К примеру, перед докладом об итогах работы Комитета Министров за год, вышли некоторые весьма интересные статьи даже в журнале «Министр», не так давно мной учрежденном и уже ставшим популярным.

Там не то чтобы меня лично заругали. Но приводились некоторые негативные моменты, которые могли случиться в последствии моих реформ. Могли… Не факт, что случились. Хотя, чтобы поверили статьям, приводилась и конкретика.

Например, суд ошибся и назначил одному помещику оплатить своему соседу-истцу определённую сумму денег. В ходе дополнительного расследования обнаружилось, что тот самый сосед не должен был ничего платить. И все… статья ни о чем ином не пишет, лишь задаёт вопрос о справедливости. Мол, если реформа столь хороша, почему возникают такие прецеденты?

Я узнавал об этом эпизоде. Да, был такой. Но и без моего прямого вмешательства все решилось весьма справедливо, но не сразу.

Один сосед занес денег земскому исправнику, а еще и обязательным иным членам суда. Конечно, эти деньги должны были сделать судей лояльными тому соседу, кто взятку принес. Налицо была целая коррупционная схема с участием группы лиц. И разве в прошлом или будущем были государства, в которых не было преступности и коррупции? И мог бы я сделать Россию таким раем? Все понимают, что нет, но статья все равно негативная.

И ведь никто не напишет о том, что до реформы было намного больше подобных сюжетов. Сложнее было бы найти справедливость.

Нам и сейчас не легко дается судебная реформа, которая смогла сложиться в Нижегородской губернии, но при распространении опыта на всю Россию, встретила сложности. Так, до трети судей пришлось выгонять из системы, набирать новых, а после уже часть из них из-за некомпетентности, или опять же попыток стать коррупционерами, увольняли. Да, Лев Цветков, умница и надежда русской юриспруденции, семь потов согнал, но смог привести хоть к более менее нормальному виду суды. Ждём решения проблемы кадрового голода через дополнительные выпуски юридических факультетов университетов.

Вместе с тем, как не реформируй систему, но она всё равно держится не только на законе, но и на людях. А мы все грешные, не всегда исполнительные, или сообразительные.

Кроме того, в статье никто не написал о том, что лишь по одному апелляционному листу, который, используя свое право, подал помещик не согласный с решением суда, было проведено дополнительное расследование. Была собрана, согласно Уставу о судах, отдельная комиссия, на основе ревизионной службы. Комиссия была направлена из совершенно другой губернии. Вот они и нарыли составы преступлений у вершителей закона, вскрыли гнойник. Так разве же система не работает, если подобное возможно?
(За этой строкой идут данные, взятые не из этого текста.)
lemma automorphism_cell_lift:
  assumes "automorphism Q L f" "f x \<in> connected_component_set (open_chambers Q L) x"
  shows "f ` cell_lift Q L x \<subseteq> cell_lift Q L x"
proof -
  let ?K = "connected_component_set (open_chambers Q L) x"
  have "linear f"
    using assms(1) unfolding automorphism_def by blast
  have "f ` closure ?K \<subseteq> closure (f ` ?K)"
    by (rule closure_linear_image_subset[OF \<open>linear f\<close>])
  also have "\<dots> \<subseteq> closure ?K"
    using automorphism_connected_component[OF assms(1), of x]
    unfolding connected_component_eq[OF assms(2)] by (rule closure_mono)
  finally have "f ` closure ?K \<subseteq> closure ?K" .
  moreover have "f ` cell_lift Q L x \<subseteq> f ` neg_cone Q L \<inter> f ` closure ?K"
    unfolding cell_lift_def by (rule image_Int_subset)
  ultimately show ?thesis
    using automorphism_neg_cone[OF assms(1)] unfolding cell_lift_def by blast
qed

lemma automorphism_inverse:
  assumes "automorphism Q L f" "span L = UNIV"
  obtains g where "automorphism Q L g" "\<And>x. g (f x) = x" "\<And>x. f (g x) = x"
proof -
  have f: "linear f" "f ` L = L"
    using assms(1) unfolding automorphism_def by auto
  have "surj f"
    using automorphism_span[OF assms(1)] assms(2) by simp
  then obtain g where g: "linear g" "\<And>x. g (f x) = x" "\<And>x. f (g x) = x"
    using linear_surjective_isomorphism[OF f(1)] by blast
  have "g ` L = g ` f ` L"
    using f(2) by simp
  also have "\<dots> = L"
    using g(2) by (simp add: image_image)
  finally have gL: "g ` L = L" .
  have "bf Q (g x) (g y) = bf Q x y" if "x \<in> L" "y \<in> L" for x y
  proof -
    have "g x \<in> span L" "g y \<in> span L"
      using gL that by (auto intro: span_base)
    then show ?thesis
      using automorphism_bf[OF assms(1), of "g x" "g y"] g(3) by simp
  qed
  with g(1) gL have "automorphism Q L g"
    unfolding automorphism_def by blast
  then show ?thesis
    using g(2,3) by (rule that)
qed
Конечно же, я не только знал тех журналистов, что писали подобное. В конце-концов, статьи выходили и в моем журнале. Но я дал возможность не только выпустить пар некоторым товарищам, в том числе иностранного гражданства, но и выявил таким образом всех, кто против меня играл. Не стоит, на самом деле внимания, кроме одной личности — полковника Смита [реальный исторический персонаж, шпион].
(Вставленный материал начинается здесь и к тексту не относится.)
(* Let $n\ge1$ and let $\alpha_1,\dots,\alpha_n$ be pairwise distinct constants. Let $y_1(x),\dots,y_n(x)$, $w_1(x),\dots,w_n(x)$ be functions, with no $y_i$ identically zero, satisfying \[ 2y_iy''_i=(y'_i)^2+4(q-\alpha_i)y^2_i-w^2_i,\qquad w'_i=2y_i,\qquad i=1,\dots,n,\qquad q=x^2-2y_1-\dots-2y_n . \] Define the polynomials in $\lambda$ \[ a(\lambda)=(\lambda-\alpha_1)\cdots(\lambda-\alpha_n),\quad y(x,\lambda)=a(\lambda)\Bigl(1-\sum_{i=1}^n\frac{y_i}{\lambda-\alpha_i}\Bigr),\quad w(x,\lambda)=a(\lambda)\Bigl(2x-\sum_{i=1}^n\frac{w_i}{\lambda-\alpha_i}\Bigr). \] Then $y$ and $w$ satisfy \[ 2yy''=(y')^2+4(q-\lambda)y^2-w^2+c,\qquad w'=2y,\qquad c=4a(\lambda)b(\lambda), \] where $b(\lambda)=(\lambda-\beta_1)\cdots(\lambda-\beta_{n+1})$ is a polynomial with constant (i.e. independent of $x$) coefficients such that $\sum_{i=1}^n\alpha_i=\sum_{i=1}^{n+1}\beta_i$.
   Context: Primes denote derivatives with respect to $x$; $\lambda$ is an auxiliary parameter independent of $x$. The system for $y_i,w_i$ arises from the system $\psi''_i=(q-\alpha_i-1)\psi_i$, $\varphi''_i=(q-\alpha_i+1)\varphi_i$, $q=x^2-2\sum_j\psi_j\varphi_j$ via $y_i=\psi_i\varphi_i$, $w_i=\psi_i\varphi'_i-\psi'_i\varphi_i$. *)

theory Defs
  imports "HOL-Analysis.Analysis"
begin

definition apoly :: "nat \<Rightarrow> (nat \<Rightarrow> complex) \<Rightarrow> complex \<Rightarrow> complex" where
  "apoly n \<alpha> l = (\<Prod>j<n. l - \<alpha> j)"

text \<open>a(lambda) / (lambda - alpha_i), written as the polynomial prod over j different from i.\<close>
definition aquot :: "nat \<Rightarrow> (nat \<Rightarrow> complex) \<Rightarrow> nat \<Rightarrow> complex \<Rightarrow> complex" where
  "aquot n \<alpha> i l = (\<Prod>j\<in>{..<n} - {i}. l - \<alpha> j)"

text \<open>y(x,lambda) = a(lambda) (1 - sum_i y_i/(lambda-alpha_i)), as a polynomial in lambda.\<close>
definition Ypoly :: "nat \<Rightarrow> (nat \<Rightarrow> complex) \<Rightarrow> (nat \<Rightarrow> complex \<Rightarrow> complex) \<Rightarrow> complex \<Rightarrow> complex \<Rightarrow> complex" where
  "Ypoly n \<alpha> y x l = apoly n \<alpha> l - (\<Sum>i<n. y i x * aquot n \<alpha> i l)"

text \<open>w(x,lambda) = a(lambda) (2x - sum_i w_i/(lambda-alpha_i)), as a polynomial in lambda.\<close>
definition Wpoly :: "nat \<Rightarrow> (nat \<Rightarrow> complex) \<Rightarrow> (nat \<Rightarrow> complex \<Rightarrow> complex) \<Rightarrow> complex \<Rightarrow> complex \<Rightarrow> complex" where
  "Wpoly n \<alpha> w x l = 2 * x * apoly n \<alpha> l - (\<Sum>i<n. w i x * aquot n \<alpha> i l)"

end

theory Submission
  imports Defs "HOL-Complex_Analysis.Complex_Analysis" "HOL-Computational_Algebra.Fundamental_Theorem_Algebra"
begin

(* Let R = 2 y y'' - (y'^2 + 4 (q - a) y^2 - w^2) be the residual of the equation with parameter a.
   When w' = 2 y, its derivative is 2 y (y''' - 2 q' y - 4 (q - a) y' + 2 w).  Since no y_i vanishes
   identically, each y_i therefore satisfies the linear third-order equation
   y''' = 2 q' y + 4 (q - alpha_i) y' - 2 w.  Because q' = 2 x - 2 sum y_i', the combinations
   y(x,lambda), w(x,lambda) satisfy the same equation with alpha_i replaced by lambda, so their
   residual c(lambda) does not depend on x.  As a polynomial in lambda, c vanishes at every alpha_i
   (only the i-th term survives there), and c - 4 lambda a^2 has degree below 2n (the lambda^(2n)
   terms cancel because q = x^2 - 2 sum y_i).  Hence c = 4 a b with b monic of degree n + 1, and the
   lambda^n coefficient of b is that of lambda a, namely - sum alpha_i. *)

lemma degree_prod_linear_factors [simp]:
  "degree (\<Prod>j<m. [:- c j, 1:] :: 'a::idom poly) = m"
  by (simp add: degree_prod_sum_eq)

lemma coeff_prod_linear_factors_top [simp]:
  "coeff (\<Prod>j<m. [:- c j, 1:] :: 'a::idom poly) m = 1"
  using lead_coeff_prod[of "\<lambda>j. [:- c j, 1:]" "{..<m}"] by simp

lemma coeff_prod_linear_factors_subleading:
  "coeff (\<Prod>j<Suc m. [:- c j, 1:] :: 'a::idom poly) m = - (\<Sum>j<Suc m. c j)"
proof (induction m)
  case (Suc m)
  define p where "p = (\<Prod>j<Suc m. [:- c j, 1:] :: 'a poly)"
  have "coeff p (Suc m) = 1"
    unfolding p_def by (rule coeff_prod_linear_factors_top)
  moreover have "(\<Prod>j<Suc (Suc m). [:- c j, 1:]) = [:- c (Suc m), 1:] * p"
    by (simp add: p_def mult.commute)
  moreover have "coeff p m = - (\<Sum>j<Suc m. c j)"
    unfolding p_def by (rule Suc.IH)
  ultimately show ?case
    by simp
qed simp

lemma prod_linear_factors_dvd:
  fixes p :: "'a::idom poly"
  assumes "finite S" and "\<And>a. a \<in> S \<Longrightarrow> poly p a = 0"
  shows "(\<Prod>a\<in>S. [:- a, 1:]) dvd p"
  using assms
proof (induction S rule: finite_induct)
  case (insert a S)
  then obtain r where r: "p = (\<Prod>a\<in>S. [:- a, 1:]) * r"
    by (auto elim: dvdE)
  have "poly (\<Prod>a\<in>S. [:- a, 1:]) a \<noteq> 0"
    using insert(1,2) by (auto simp: poly_prod)
  moreover have "poly p a = 0"
    using insert.prems by simp
  ultimately have "[:- a, 1:] dvd r"
    using r by (simp add: poly_eq_0_iff_dvd [symmetric])
  then obtain s where "r = [:- a, 1:] * s"
    by (elim dvdE)
  with r insert(1,2) show ?case
    by (simp add: mult_ac del: mult_pCons_left mult_pCons_right)
qed simp

lemma monic_complex_poly_linear_factors:
  fixes b :: "complex poly"
  assumes "degree b = Suc m" and "lead_coeff b = 1"
  obtains \<beta> where "\<And>l. poly b l = (\<Prod>j<Suc m. l - \<beta> j)" and "(\<Sum>j<Suc m. \<beta> j) = - coeff b m"
proof -
  obtain \<beta> where "smult (lead_coeff b) (\<Prod>j<degree b. [:- \<beta> j, 1:]) = b"
    by (rule complex_poly_decompose')
  then have b: "b = (\<Prod>j<Suc m. [:- \<beta> j, 1:])"
    using assms by simp
  show thesis
  proof (rule that)
    show "poly b l = (\<Prod>j<Suc m. l - \<beta> j)" for l
      by (simp add: b poly_prod del: prod.lessThan_Suc)
    show "(\<Sum>j<Suc m. \<beta> j) = - coeff b m"
      unfolding b coeff_prod_linear_factors_subleading by simp
  qed
qed

lemma coeff_cofactor_of_near_square:
  fixes A D :: "'a::field poly"
  assumes "A \<noteq> 0" and "c \<noteq> 0" and deg: "degree (A * D - smult c (pCons 0 (A\<^sup>2))) < 2 * degree A"
    and "degree A \<le> k"
  shows "coeff (smult (1 / c) D) k = coeff (pCons 0 A) k"
proof -
  define E where "E = D - smult c (pCons 0 A)"
  have "coeff E k = 0"
  proof (cases "E = 0")
    case False
    have "A * D - smult c (pCons 0 (A\<^sup>2)) = A * E"
      by (simp add: E_def algebra_simps power2_eq_square)
    with deg False \<open>A \<noteq> 0\<close> have "degree A + degree E < 2 * degree A"
      by (simp add: degree_mult_eq)
    with \<open>degree A \<le> k\<close> show ?thesis
      by (intro coeff_eq_0) simp
  qed simp
  with \<open>c \<noteq> 0\<close> show ?thesis
    by (cases k) (simp_all add: E_def)
qed

definition apoly_poly :: "nat \<Rightarrow> (nat \<Rightarrow> complex) \<Rightarrow> complex poly" where
  "apoly_poly n \<alpha> = (\<Prod>j<n. [:- \<alpha> j, 1:])"

lemma poly_apoly_poly [simp]: "poly (apoly_poly n \<alpha>) l = apoly n \<alpha> l"
  by (simp add: apoly_poly_def apoly_def poly_prod)

lemma poly_factor_through_roots:
  fixes P :: "complex poly"
  assumes inj: "inj_on \<alpha> {..<n}" and c: "c \<noteq> 0"
    and roots: "\<And>k. k < n \<Longrightarrow> poly P (\<alpha> k) = 0"
    and deg: "degree (P - smult c (pCons 0 ((apoly_poly n \<alpha>)\<^sup>2))) < 2 * n"
  obtains \<beta> where "(\<Sum>j<n. \<alpha> j) = (\<Sum>j<n+1. \<beta> j)"
    and "\<And>l. poly P l = c * apoly n \<alpha> l * (\<Prod>j<n+1. l - \<beta> j)"
proof -
  define A where "A = apoly_poly n \<alpha>"
  obtain m where n: "n = Suc m"
    using deg by (cases n) auto
  have A: "A \<noteq> 0" "degree A = n" "coeff A n = 1" "coeff A m = - (\<Sum>j<n. \<alpha> j)"
    unfolding A_def apoly_poly_def n
    by (simp_all add: coeff_prod_linear_factors_subleading del: prod.lessThan_Suc sum.lessThan_Suc)
  have "A = (\<Prod>a\<in>\<alpha> ` {..<n}. [:- a, 1:])"
    unfolding A_def apoly_poly_def using inj by (simp add: prod.reindex)
  also have "\<dots> dvd P"
    using roots by (intro prod_linear_factors_dvd) auto
  finally obtain D where D: "P = A * D"
    by (elim dvdE)
  define b where "b = smult (1 / c) D"
  have coeff_b: "coeff b k = coeff (pCons 0 A) k" if "n \<le> k" for k
    unfolding b_def using A that deg D c by (intro coeff_cofactor_of_near_square) (simp_all add: A_def)
  have deg_b: "degree b = Suc n"
  proof (rule antisym)
    show "degree b \<le> Suc n"
      using coeff_b A by (intro degree_le) (auto simp: coeff_eq_0)
    show "Suc n \<le> degree b"
      using coeff_b A by (intro le_degree) simp
  qed
  moreover have "lead_coeff b = 1"
    using deg_b coeff_b A by simp
  ultimately obtain \<beta> where \<beta>: "\<And>l. poly b l = (\<Prod>j<Suc n. l - \<beta> j)"
    and sum_\<beta>: "(\<Sum>j<Suc n. \<beta> j) = - coeff b n"
    using monic_complex_poly_linear_factors by blast
  show thesis
  proof (rule that)
    show "(\<Sum>j<n. \<alpha> j) = (\<Sum>j<n+1. \<beta> j)"
      using sum_\<beta> coeff_b A n by simp
    show "poly P l = c * apoly n \<alpha> l * (\<Prod>j<n+1. l - \<beta> j)" for l
      using \<beta>[of l] c by (simp add: D b_def A_def field_simps del: prod.lessThan_Suc)
  qed
qed

definition ode_residual :: "'a::comm_ring_1 \<Rightarrow> 'a \<Rightarrow> 'a \<Rightarrow> 'a \<Rightarrow> 'a \<Rightarrow> 'a \<Rightarrow> 'a" where
  "ode_residual q a y y' y'' w = 2 * y * y'' - (y'\<^sup>2 + 4 * (q - a) * y\<^sup>2 - w\<^sup>2)"

lemma ode_residual_eq_iff:
  "ode_residual q a y y' y'' w = c \<longleftrightarrow> 2 * y * y'' = y'\<^sup>2 + 4 * (q - a) * y\<^sup>2 - w\<^sup>2 + c"
  by (auto simp: ode_residual_def algebra_simps)

lemma ode_residual_scale:
  "ode_residual q a (t * y) (t * y') (t * y'') (t * w) = t\<^sup>2 * ode_residual q a y y' y'' w"
  by (simp add: ode_residual_def power2_eq_square algebra_simps)

lemma has_field_derivative_ode_residual:
  assumes "(f has_field_derivative f1 x) (at x)" and "(f1 has_field_derivative f2 x) (at x)"
    and "(f2 has_field_derivative f3) (at x)" and "(w has_field_derivative 2 * f x) (at x)"
    and "(Q has_field_derivative Q1) (at x)"
  shows "((\<lambda>x. ode_residual (Q x) a (f x) (f1 x) (f2 x) (w x)) has_field_derivative
           2 * f x * (f3 - (2 * Q1 * f x + 4 * (Q x - a) * f1 x - 2 * w x))) (at x)"
  unfolding ode_residual_def using assms
  by (auto intro!: derivative_eq_intros simp: power2_eq_square algebra_simps)

lemma holomorphic_mult_eq_0_imp_eq_0:
  assumes U: "open U" "connected U" and f: "f holomorphic_on U" "\<exists>z\<in>U. f z \<noteq> 0"
    and g: "continuous_on U g" and fg: "\<And>z. z \<in> U \<Longrightarrow> f z * g z = 0" and "x \<in> U"
  shows "g x = 0"
proof (rule ccontr)
  assume "g x \<noteq> 0"
  define V where "V = g -` (- {0}) \<inter> U"
  have "open V"
    unfolding V_def using g U(1) by (simp add: continuous_on_open_vimage open_Compl)
  have "f z = 0" if "z \<in> U" for z
  proof (rule analytic_continuation_open[of V U f "\<lambda>_. 0"])
    show "V \<noteq> {}" "V \<subseteq> U"
      using \<open>g x \<noteq> 0\<close> \<open>x \<in> U\<close> by (auto simp: V_def)
    show "f z = 0" if "z \<in> V" for z
      using fg[of z] that by (auto simp: V_def)
  qed (use U f \<open>open V\<close> that in auto)
  with f(2) show False
    by blast
qed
Этот человек не стал скрываться, а сразу же начал искать выходы на меня. Может быть, это его спасло, так как начни Смит тайно действовать, то, в преддверии моего доклада и года деятельности в должности Канцлера, я не задумываясь отдал бы приказ на его ликвидацию.

— Бюджет Российской империи нынче вырос до восьмидесяти двух миллионов рублей, — продолжал вещать я на Государственном Совете.

Кстати с этой цифрой тоже спекулировали. Прежде всего, потому, что бюджет, если брать именно что голую цифру, то не сильно-то и вырос, может только самую малость. К примеру, при восшествии Павла Петровича бюджет Российской империи составлял семьдесят три миллиона рублей, перед становлением меня канцлером, уже восемьдесят миллионов.

Но тут оппоненты несколько ошиблись в своей стратегии мелких уколов и нападок на меня. Каждый в Российской империи знает и чувствует, что рубль стал крепким, обеспеченным и золотом и промышленным производством, зерном, и что бумажные деньги нынче торгуются соответственно серебряным. А это большущее достижение. Да и раньше я умудрялся влиять на финансовую систему России, так что здесь моих личных заслуг предостаточно.

Мало того, так Российская империя стала законодательницей экономики, как науки. Уже не только мои статьи изучаются. Находятся ученые, которые увлеклись экономикой в свете открытий ряда явлений, например, инфляции.

Я читал доклад, большой, рассчитанный не менее, чем на час. Меня не перебивали, чем делали возможным полноценно не только закончить доклад, но высказать некоторые свои оценки деятельности Комитета Министров. На обычном совещании Государственного Совета с позволения императора меня пробуют уколоть словом, вывести из равновесия, каким-то образом уличить пусть не во лжи, но в вольной трактовке фактов.

— Выстроенная экономическая система, была бы невозможна без участия Министерства Финансов и лично господина Васильева. Она позволила нам не только не ощутить тягот войны со Швецией, но даже во время войны приумножать возможности Российской империи, — докладывал я.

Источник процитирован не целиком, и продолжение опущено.